I have been designing and making home products from Portuguese cork since 2004. As my practice evolves, I discover layer after layer of physical potential and environmental value. The cork granules, sheets, and blocks that I use in my furniture are made from the waste of wine-stopper production. It performs in ways no other natural material can, defying user expectations of object interaction. This is exciting of course, but equally so is the story of how this material comes to be.

This summer, I was invited for my second trip to Portugal by Cortiçeira Amorim—the world’s leading producer of cork products—to document the entire process of cork production, from harvest to reuse. I was familiar with the origin of the material as the bark of the cork oak (Quercus suber), harvested in nine-year cycles, but I had never seen the harvest first hand.

In Portuguese cork I found an industry with such a healthy structure that it serves as a model for how we could source natural materials in general. The cork industry reaps profit from a natural resource and improves the environment in doing so. Every year, 14 million tons of carbon is captured by the Earth’s cork oaks. Dozens of endangered species, such as the Iberian lynx and the Spanish imperial eagle, are given habitats to thrive. And the material itself is used in endless cycles of reuse, adding value at every turn.

Below, a photographic journey through the process:

Two harvesters, or descortiçadores, denuding a tree in 2 pieces. These men are highly skilled, and compensated for the craft they have inherited.

Two descortiçadores in a tree. You can see pieces falling to the ground.

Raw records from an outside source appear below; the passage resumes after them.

lemma kalg_sum_pascal:
  assumes g: "\<And>i j. g i j \<in> carr R"
  shows "kalg_sum R (\<lambda>i. smul R (of_nat (m choose i)) (g (Suc i) (m - i) \<^bold>+ g i (Suc (m - i)))) (Suc m) =
         kalg_sum R (\<lambda>i. smul R (of_nat (Suc m choose i)) (g i (Suc m - i))) (Suc (Suc m))"
proof -
  define A where "A i = smul R (of_nat (m choose i)) (g (Suc i) (m - i))" for i
  define B where "B i = smul R (of_nat (m choose i)) (g i (Suc (m - i)))" for i
  define B' where "B' i = smul R (of_nat (m choose Suc i)) (g (Suc i) (m - i))" for i
  define T where "T i = smul R (of_nat (Suc m choose i)) (g i (Suc m - i))" for i
  have closed: "A i \<in> carr R" "B i \<in> carr R" "B' i \<in> carr R" "T i \<in> carr R" for i
    unfolding A_def B_def B'_def T_def using g by (auto intro: s_closed)
  have sums_closed: "kalg_sum R A (Suc m) \<in> carr R" "kalg_sum R B' m \<in> carr R"
    by (rule kalg_sum_closed, rule closed)+
  have "kalg_sum R B (Suc m) = T 0 \<^bold>+ kalg_sum R B' m"
  proof -
    have "kalg_sum R (\<lambda>i. B (Suc i)) m = kalg_sum R B' m"
      by (rule kalg_sum_cong) (simp add: B_def B'_def Suc_diff_Suc)
    then show ?thesis
      using kalg_sum_Suc_shift[of m B] closed by (simp add: B_def T_def)
  qed
  moreover have "kalg_sum R T (Suc (Suc m)) = T 0 \<^bold>+ (kalg_sum R A (Suc m) \<^bold>+ kalg_sum R B' (Suc m))"
  proof -
    have "kalg_sum R (\<lambda>i. T (Suc i)) (Suc m) = kalg_sum R (\<lambda>i. A i \<^bold>+ B' i) (Suc m)"
      by (rule kalg_sum_cong) (simp add: T_def A_def B'_def s_ldistr g)
    then show ?thesis
      using kalg_sum_Suc_shift[of "Suc m" T] kalg_sum_add[of "Suc m" A B'] closed by simp
  qed
  moreover have "B' m = zer R"
    by (simp add: B'_def s_zero g binomial_eq_0)
  ultimately show ?thesis
    using kalg_sum_add[of "Suc m" A B] closed sums_closed
    by (simp flip: A_def B_def T_def add: r_zero zero_closed a_lcomm s_rdistr g)
qed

A freshly harvested tree. The last digit of the harvest year is painted on the trunk to indicated when the next harvest can happen.

The staging area of freshly harvested cork.

Awaiting boiling, trimming, and sorting before bottle stoppers are punched out.

Making wine stoppers.

 

Cork flooring made from the waste material from wine stopper production.

Cork dust, unusable for upcycling, becomes biomass that powers the various cork production facilities and factories. Some factories are 90% powered by this biomass.